▶ **Activity**
Each line below from the one containing "using A(1) finite_subset by blast" through the one containing "by (auto simp: r_def)" should be output exactly as it stands, and no other line should appear.

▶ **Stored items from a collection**
════════════════

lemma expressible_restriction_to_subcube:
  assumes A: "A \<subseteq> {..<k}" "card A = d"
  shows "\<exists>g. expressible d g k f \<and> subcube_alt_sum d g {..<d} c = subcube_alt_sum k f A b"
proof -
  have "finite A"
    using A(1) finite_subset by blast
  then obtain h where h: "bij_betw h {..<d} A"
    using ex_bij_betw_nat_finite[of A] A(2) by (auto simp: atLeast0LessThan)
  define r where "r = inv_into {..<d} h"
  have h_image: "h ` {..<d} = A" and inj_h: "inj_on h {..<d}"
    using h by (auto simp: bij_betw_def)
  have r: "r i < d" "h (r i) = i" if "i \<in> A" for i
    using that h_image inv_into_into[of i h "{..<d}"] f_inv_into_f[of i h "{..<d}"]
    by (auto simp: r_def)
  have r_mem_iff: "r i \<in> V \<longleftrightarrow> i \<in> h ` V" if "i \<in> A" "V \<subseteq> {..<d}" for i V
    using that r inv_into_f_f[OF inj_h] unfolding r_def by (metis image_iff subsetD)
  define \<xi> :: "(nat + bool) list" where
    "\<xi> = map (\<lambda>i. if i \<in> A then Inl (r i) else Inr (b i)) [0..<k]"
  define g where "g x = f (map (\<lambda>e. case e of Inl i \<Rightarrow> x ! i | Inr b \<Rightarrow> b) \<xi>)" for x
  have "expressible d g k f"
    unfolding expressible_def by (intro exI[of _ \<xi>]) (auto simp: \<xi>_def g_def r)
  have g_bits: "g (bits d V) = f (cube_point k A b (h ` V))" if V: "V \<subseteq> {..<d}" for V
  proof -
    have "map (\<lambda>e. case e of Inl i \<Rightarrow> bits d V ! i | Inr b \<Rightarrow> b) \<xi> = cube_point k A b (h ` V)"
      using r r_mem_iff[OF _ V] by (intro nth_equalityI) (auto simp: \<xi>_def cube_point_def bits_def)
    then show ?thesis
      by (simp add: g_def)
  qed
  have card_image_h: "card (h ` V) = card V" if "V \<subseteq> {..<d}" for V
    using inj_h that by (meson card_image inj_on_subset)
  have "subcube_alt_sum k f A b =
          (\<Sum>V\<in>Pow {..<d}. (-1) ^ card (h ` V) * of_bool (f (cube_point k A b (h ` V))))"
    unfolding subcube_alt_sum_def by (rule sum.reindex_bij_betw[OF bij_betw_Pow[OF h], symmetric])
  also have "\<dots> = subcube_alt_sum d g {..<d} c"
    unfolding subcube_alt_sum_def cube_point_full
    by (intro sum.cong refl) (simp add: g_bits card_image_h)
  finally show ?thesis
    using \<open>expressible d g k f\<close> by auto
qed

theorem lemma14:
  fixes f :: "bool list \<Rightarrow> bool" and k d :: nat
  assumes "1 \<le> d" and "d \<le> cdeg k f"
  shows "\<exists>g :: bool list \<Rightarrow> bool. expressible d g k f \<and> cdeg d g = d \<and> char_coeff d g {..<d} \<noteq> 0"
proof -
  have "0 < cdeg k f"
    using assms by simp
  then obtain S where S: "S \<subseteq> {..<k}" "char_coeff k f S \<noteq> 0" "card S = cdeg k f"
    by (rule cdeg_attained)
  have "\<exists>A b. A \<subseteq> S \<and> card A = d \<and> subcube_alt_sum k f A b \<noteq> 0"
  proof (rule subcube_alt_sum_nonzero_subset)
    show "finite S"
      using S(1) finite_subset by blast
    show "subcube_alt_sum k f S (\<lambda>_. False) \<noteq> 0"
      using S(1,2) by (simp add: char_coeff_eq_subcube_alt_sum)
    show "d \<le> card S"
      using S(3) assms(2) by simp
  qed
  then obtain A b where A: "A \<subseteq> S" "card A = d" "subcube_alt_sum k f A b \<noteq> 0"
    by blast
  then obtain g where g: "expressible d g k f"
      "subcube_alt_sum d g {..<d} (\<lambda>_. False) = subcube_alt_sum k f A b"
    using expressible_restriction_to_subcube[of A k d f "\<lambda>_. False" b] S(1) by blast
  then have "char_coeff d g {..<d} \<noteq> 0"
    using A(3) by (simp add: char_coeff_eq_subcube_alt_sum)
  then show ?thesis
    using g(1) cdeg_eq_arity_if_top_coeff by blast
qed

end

════════════════

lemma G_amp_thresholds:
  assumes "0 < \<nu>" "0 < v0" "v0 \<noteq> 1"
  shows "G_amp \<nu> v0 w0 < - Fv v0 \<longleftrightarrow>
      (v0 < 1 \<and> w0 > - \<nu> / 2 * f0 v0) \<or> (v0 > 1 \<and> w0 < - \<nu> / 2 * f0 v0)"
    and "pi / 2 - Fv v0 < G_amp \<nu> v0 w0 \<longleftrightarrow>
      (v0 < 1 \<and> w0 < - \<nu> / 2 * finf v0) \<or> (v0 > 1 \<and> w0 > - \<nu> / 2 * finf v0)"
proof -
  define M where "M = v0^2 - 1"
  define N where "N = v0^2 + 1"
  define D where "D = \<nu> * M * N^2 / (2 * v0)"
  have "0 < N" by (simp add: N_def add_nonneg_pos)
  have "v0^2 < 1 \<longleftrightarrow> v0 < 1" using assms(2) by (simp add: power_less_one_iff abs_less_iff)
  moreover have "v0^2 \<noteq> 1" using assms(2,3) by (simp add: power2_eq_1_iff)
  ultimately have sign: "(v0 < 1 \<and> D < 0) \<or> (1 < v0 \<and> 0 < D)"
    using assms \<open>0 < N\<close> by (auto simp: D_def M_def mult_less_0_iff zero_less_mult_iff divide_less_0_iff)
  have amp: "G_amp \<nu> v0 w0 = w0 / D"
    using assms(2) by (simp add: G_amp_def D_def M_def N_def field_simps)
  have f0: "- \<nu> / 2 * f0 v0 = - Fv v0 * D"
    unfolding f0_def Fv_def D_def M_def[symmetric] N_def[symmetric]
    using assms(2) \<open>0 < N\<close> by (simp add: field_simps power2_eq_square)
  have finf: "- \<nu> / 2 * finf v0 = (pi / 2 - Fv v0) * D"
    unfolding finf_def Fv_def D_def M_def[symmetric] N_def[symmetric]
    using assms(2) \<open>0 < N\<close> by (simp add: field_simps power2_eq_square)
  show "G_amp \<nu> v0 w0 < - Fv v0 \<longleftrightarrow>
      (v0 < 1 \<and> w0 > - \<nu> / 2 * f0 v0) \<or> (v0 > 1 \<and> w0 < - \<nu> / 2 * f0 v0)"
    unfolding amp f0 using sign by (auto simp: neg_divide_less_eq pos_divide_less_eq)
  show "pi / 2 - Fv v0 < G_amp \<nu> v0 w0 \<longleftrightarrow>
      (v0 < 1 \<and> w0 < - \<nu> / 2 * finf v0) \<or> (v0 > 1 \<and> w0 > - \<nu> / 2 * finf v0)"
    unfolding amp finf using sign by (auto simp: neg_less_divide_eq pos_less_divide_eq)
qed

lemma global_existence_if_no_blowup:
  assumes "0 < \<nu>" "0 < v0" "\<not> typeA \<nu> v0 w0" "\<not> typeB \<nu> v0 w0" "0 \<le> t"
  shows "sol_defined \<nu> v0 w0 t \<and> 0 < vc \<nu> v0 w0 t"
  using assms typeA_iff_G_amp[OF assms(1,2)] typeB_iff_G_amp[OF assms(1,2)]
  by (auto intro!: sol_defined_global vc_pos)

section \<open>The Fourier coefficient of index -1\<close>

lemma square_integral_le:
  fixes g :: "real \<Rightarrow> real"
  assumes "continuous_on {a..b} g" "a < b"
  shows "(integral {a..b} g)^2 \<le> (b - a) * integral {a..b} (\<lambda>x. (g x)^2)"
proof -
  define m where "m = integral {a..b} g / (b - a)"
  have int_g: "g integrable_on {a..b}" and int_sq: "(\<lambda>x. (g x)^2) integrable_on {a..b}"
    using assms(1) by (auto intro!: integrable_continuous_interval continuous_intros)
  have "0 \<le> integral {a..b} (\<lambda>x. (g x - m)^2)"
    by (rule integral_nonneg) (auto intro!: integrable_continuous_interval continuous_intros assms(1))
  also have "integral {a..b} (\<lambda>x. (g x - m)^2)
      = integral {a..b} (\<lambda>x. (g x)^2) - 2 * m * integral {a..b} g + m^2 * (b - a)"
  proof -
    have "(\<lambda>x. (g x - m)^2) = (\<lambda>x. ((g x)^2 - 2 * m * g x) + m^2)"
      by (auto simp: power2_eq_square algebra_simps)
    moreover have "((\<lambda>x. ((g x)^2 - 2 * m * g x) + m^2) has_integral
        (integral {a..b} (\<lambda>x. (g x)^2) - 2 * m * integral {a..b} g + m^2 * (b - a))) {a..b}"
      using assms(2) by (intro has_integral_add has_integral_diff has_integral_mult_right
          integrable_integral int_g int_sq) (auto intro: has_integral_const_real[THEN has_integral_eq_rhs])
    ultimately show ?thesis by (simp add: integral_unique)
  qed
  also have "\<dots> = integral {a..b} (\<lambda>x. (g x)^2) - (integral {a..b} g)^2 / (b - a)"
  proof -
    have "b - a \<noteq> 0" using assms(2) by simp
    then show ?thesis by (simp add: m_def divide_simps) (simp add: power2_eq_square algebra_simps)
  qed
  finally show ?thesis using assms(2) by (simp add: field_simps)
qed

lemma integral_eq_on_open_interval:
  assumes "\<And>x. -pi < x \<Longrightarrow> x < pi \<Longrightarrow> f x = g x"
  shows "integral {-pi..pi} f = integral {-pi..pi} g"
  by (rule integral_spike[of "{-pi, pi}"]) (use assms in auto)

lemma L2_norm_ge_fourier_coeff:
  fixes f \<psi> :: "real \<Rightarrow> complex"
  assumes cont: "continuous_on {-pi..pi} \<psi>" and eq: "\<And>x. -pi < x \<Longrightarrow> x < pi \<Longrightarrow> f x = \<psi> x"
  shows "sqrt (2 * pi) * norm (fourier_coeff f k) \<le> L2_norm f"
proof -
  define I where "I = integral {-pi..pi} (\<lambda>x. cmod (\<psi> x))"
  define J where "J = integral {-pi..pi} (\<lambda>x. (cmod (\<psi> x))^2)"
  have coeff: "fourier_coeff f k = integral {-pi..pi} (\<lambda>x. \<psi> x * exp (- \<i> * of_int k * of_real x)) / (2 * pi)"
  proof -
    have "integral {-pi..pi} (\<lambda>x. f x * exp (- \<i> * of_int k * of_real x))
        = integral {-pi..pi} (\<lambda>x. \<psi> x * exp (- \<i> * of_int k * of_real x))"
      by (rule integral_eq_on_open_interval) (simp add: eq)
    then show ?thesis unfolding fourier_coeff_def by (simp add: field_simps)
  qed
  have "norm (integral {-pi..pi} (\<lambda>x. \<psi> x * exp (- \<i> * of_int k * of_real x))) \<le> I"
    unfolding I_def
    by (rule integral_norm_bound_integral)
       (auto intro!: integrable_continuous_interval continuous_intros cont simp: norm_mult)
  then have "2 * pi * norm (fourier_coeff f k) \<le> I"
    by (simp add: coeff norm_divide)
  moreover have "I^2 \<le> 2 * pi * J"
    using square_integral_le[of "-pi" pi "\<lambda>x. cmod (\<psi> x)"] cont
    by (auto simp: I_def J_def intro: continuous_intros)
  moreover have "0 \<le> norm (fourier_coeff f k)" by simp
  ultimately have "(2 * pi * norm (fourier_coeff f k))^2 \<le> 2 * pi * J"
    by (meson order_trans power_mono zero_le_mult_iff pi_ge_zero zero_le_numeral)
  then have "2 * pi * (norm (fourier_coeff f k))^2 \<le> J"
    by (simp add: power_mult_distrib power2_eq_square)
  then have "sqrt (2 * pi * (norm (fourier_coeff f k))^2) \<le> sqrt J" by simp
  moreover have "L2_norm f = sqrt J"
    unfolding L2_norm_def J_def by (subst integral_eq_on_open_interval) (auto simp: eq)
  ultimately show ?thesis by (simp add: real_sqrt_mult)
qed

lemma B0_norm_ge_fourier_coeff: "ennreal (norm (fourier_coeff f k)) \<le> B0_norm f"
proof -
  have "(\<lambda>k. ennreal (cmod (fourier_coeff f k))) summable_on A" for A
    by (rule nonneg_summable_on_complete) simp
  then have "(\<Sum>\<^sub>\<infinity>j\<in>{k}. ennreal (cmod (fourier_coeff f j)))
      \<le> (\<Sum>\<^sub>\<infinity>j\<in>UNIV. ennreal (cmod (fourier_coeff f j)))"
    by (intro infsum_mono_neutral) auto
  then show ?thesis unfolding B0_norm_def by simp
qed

════════════════

▶ **Answer section**
    using A(1) finite_subset by blast
  then obtain h where h: "bij_betw h {..<d} A"
    using ex_bij_betw_nat_finite[of A] A(2) by (auto simp: atLeast0LessThan)
  define r where "r = inv_into {..<d} h"
  have h_image: "h ` {..<d} = A" and inj_h: "inj_on h {..<d}"
    using h by (auto simp: bij_betw_def)
  have r: "r i < d" "h (r i) = i" if "i \<in> A" for i
    using that h_image inv_into_into[of i h "{..<d}"] f_inv_into_f[of i h "{..<d}"]
    by (auto simp: r_def)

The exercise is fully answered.